To explore regulatory system modulated by miRNAs, interactions of the putative mature miRNAs and their target genes were analyzed. As a result, 151,087 interactions were proposed between 22,312 putative mature miRNAs and 28,504 target genes. It was found that one putative mature miRNA may interact with up to 197 target genes, whereas one target gene may be bound by one or more miRNA(s), ranging from 1 to 576 miRNAs. The distinct relationships predicted among putative miRNAs were further studied to investigate whether these were benefit cellular regulation. By classifying target genes into two groups based on the number of miRNA-binding sites, low miRNA-bound genes (LMBG) and high miRNA-bound genes (HMBG) groups were defined by 10th percentile lowest and highest in rank, respectively (Figure 4(a)). About 10 percent of the predicted target genes in each group (2,850 genes) were randomly taken for gene ontology (GO) analysis (Figures 4(b)–4(d)). GO enrichment analysis exhibited the dominant functions of these targets genes which are relevant to binding and enzyme regulator activity (p value < 0.05). It also showed that the enriched functions of target genes were different in LMBG and HMBG groups. The significant functions of genes in HMBG group are related to binding activity, while genes in LMBG group are more relevant to electron carrier activity, molecular function regulator, catalytic activity, and antioxidant activity (Figure 4(d)).

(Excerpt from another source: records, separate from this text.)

(* Let $\gamma\sim\mathcal{FB}(\bar\gamma;\kappa,\mu,m,\eta,\varrho)$ be a Fluctuating Beckmann random variable (as defined in the context). Then for every real $s\le 0$ its moment generating function $M_\gamma(s)=\mathbb{E}[e^{s\gamma}]$ is $$ M_\gamma(s)=\frac{1}{\left(1-\frac{2\eta\,\bar\gamma s}{\mu(1+\eta)(1+\kappa)}\right)^{\mu/2}\left(1-\frac{2\,\bar\gamma s}{\mu(1+\eta)(1+\kappa)}\right)^{\mu/2}} \left[1-\frac{1}{m}\left(\frac{\mu\kappa\frac{\varrho^2}{1+\varrho^2}(1+\eta)\bar\gamma s}{(1+\eta)(1+\kappa)\mu-2\eta\bar\gamma s}+\frac{\mu\kappa\frac{1}{1+\varrho^2}(1+\eta)\bar\gamma s}{(1+\eta)(1+\kappa)\mu-2\bar\gamma s}\right)\right]^{-m}. $$
   Context: Fluctuating Beckmann (FB) model. Let $\mu$ be a positive integer, $\sigma_x,\sigma_y>0$, $m>0$, $\bar\gamma>0$, and let $p_1,\dots,p_\mu,q_1,\dots,q_\mu$ be real numbers with $p^2:=\sum_{i=1}^\mu p_i^2$, $q^2:=\sum_{i=1}^\mu q_i^2$, and $q^2>0$. Let $X_1,\dots,X_\mu,Y_1,\dots,Y_\mu,\xi$ be mutually independent random variables with $X_i\sim\mathcal N(0,\sigma_x^2)$, $Y_i\sim\mathcal N(0,\sigma_y^2)$, and $\xi\ge 0$ Nakagami-$m$ distributed with $\mathbb E[\xi^2]=1$, i.e. $\xi^2$ is Gamma distributed with shape $m$ and scale $1/m$ (density of $\xi$: $f_\xi(x)=\frac{2m^m}{\Gamma(m)}x^{2m-1}e^{-mx^2}$, $x>0$). Set $W=\sum_{i=1}^\mu\big[(X_i+p_i\xi)^2+(Y_i+q_i\xi)^2\big]$ and $\gamma=\bar\gamma\,W/\mathbb E[W]$ (so $\mathbb E[\gamma]=\bar\gamma$). The parameters are $\kappa=\frac{p^2+q^2}{\mu(\sigma_x^2+\sigma_y^2)}$, $\varrho^2=p^2/q^2$ (with $\varrho\ge0$), $\eta=\sigma_x^2/\sigma_y^2$. We then write $\gamma\sim\mathcal{FB}(\bar\gamma;\kappa,\mu,m,\eta,\varrho)$. *)

theory Defs
  imports "HOL-Probability.Probability"
begin

text \<open>Nakagami-m density with E[xi^2] = 1 (shape m, spread 1).\<close>
definition nakagami_density :: "real \<Rightarrow> real \<Rightarrow> real" where
  "nakagami_density m x =
     (if x > 0 then 2 * m powr m / Gamma m * x powr (2 * m - 1) * exp (- m * x\<^sup>2) else 0)"

text \<open>Index set gathering the variables X_1..X_mu, Y_1..Y_mu, xi into one family,
  used to express mutual independence.\<close>
definition fb_index :: "nat \<Rightarrow> (nat + nat + unit) set" where
  "fb_index \<mu> = Inl ` {..<\<mu>} \<union> (Inr \<circ> Inl) ` {..<\<mu>} \<union> {Inr (Inr ())}"

definition fb_family ::
  "(nat \<Rightarrow> 'a \<Rightarrow> real) \<Rightarrow> (nat \<Rightarrow> 'a \<Rightarrow> real) \<Rightarrow> ('a \<Rightarrow> real) \<Rightarrow> nat + nat + unit \<Rightarrow> 'a \<Rightarrow> real" where
  "fb_family X Y \<xi> k = (case k of Inl i \<Rightarrow> X i | Inr (Inl i) \<Rightarrow> Y i | Inr (Inr _) \<Rightarrow> \<xi>)"

end

theory Submission
  imports Defs
begin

Moreover, the relationships among miRNA-target were investigated to study their cooperation in the miRNA regulation system. The study was conducted in 4 classes of miRNA-target relationships with varied target genes to miRNA ratio, namely, less than 15, 16 to 30, 31 to 80, and greater than 81 (Figure 5(a)). The set of representative miRNA-target relationships for each group were randomly selected to preform network analysis (Figures 5(b)–5(q)). The topology of the resulting networks showed that the putative mature miRNAs associated with greater numbers of target genes tend to perform cooperative regulation among target genes (Figures 5(b)–5(e)). To demonstrate, the top 5 miRNAs ranked by the highest number of association to target genes were analyzed in-depth. Subnetworks of these 5 miRNAs (Figures 5(f)-5(i)) exhibited similar topology to their corresponding overall networks (Figures 5(b)–5(e)). The consensus target genes predicted for the putative miRNAs were illustrated in Venn diagram (Figures 5(j)–5(m)). The results suggested the coregulation of target genes by a similar miRNA and also implied the cooperation between the miRNAs in modulating the same target. The subsequent analysis in Figures 5(n)–5(q) demonstrated the corresponding figure to the network topology study. It indicated that the miRNAs targeting multiple genes are more likely to perform cooperative regulation. This finding also supported the earlier presumption of functional analysis in LMBG and HMBG groups.

3.7. The New Findings of Putative Mature MiRNAs and Their Relevance to the Regulation of Storage Root Development and Key Metabolism in Cassava

Cassava is a well-known starchy root crop. Therefore, biological processes related to growth as well as development of storage roots and also starch metabolism are always of interest. Literatures in plants have reported that miRNAs play a role in the regulation of these processes (Figure 6(a)) [20, 4357]. miRNA165 and miRNA166 were found to be involved in the development of apical embryonic fate, either to be a shoot pole or a root pole, by regulating HD-ZIP III master regulator [51, 57]. miR156 and miR172 were reported to antagonistically regulate tuberization in potato [45]. miR1428 was reported to regulate starch accumulation via SnRK1b gene [44]. Recently, Chen et al. identified a large number of miRNAs in leaves and roots of Arg7, KU50, and W14 cassava cultivars [20]. Their functional prediction showed that miR159, miR160, miR164, miR167, miR319, miR394, and miR399 potentially bind to target genes that are involved in starch and sugar metabolisms and starch accumulation. This recent work is one of the limited studies of cassava miRNAs related to starch metabolism and accumulation. Even though many miRNAs were reported to be involved in root developmental processes, they were studied in Arabidopsis, rice, maize, legume, and soybean, but not in cassava (Figure 6).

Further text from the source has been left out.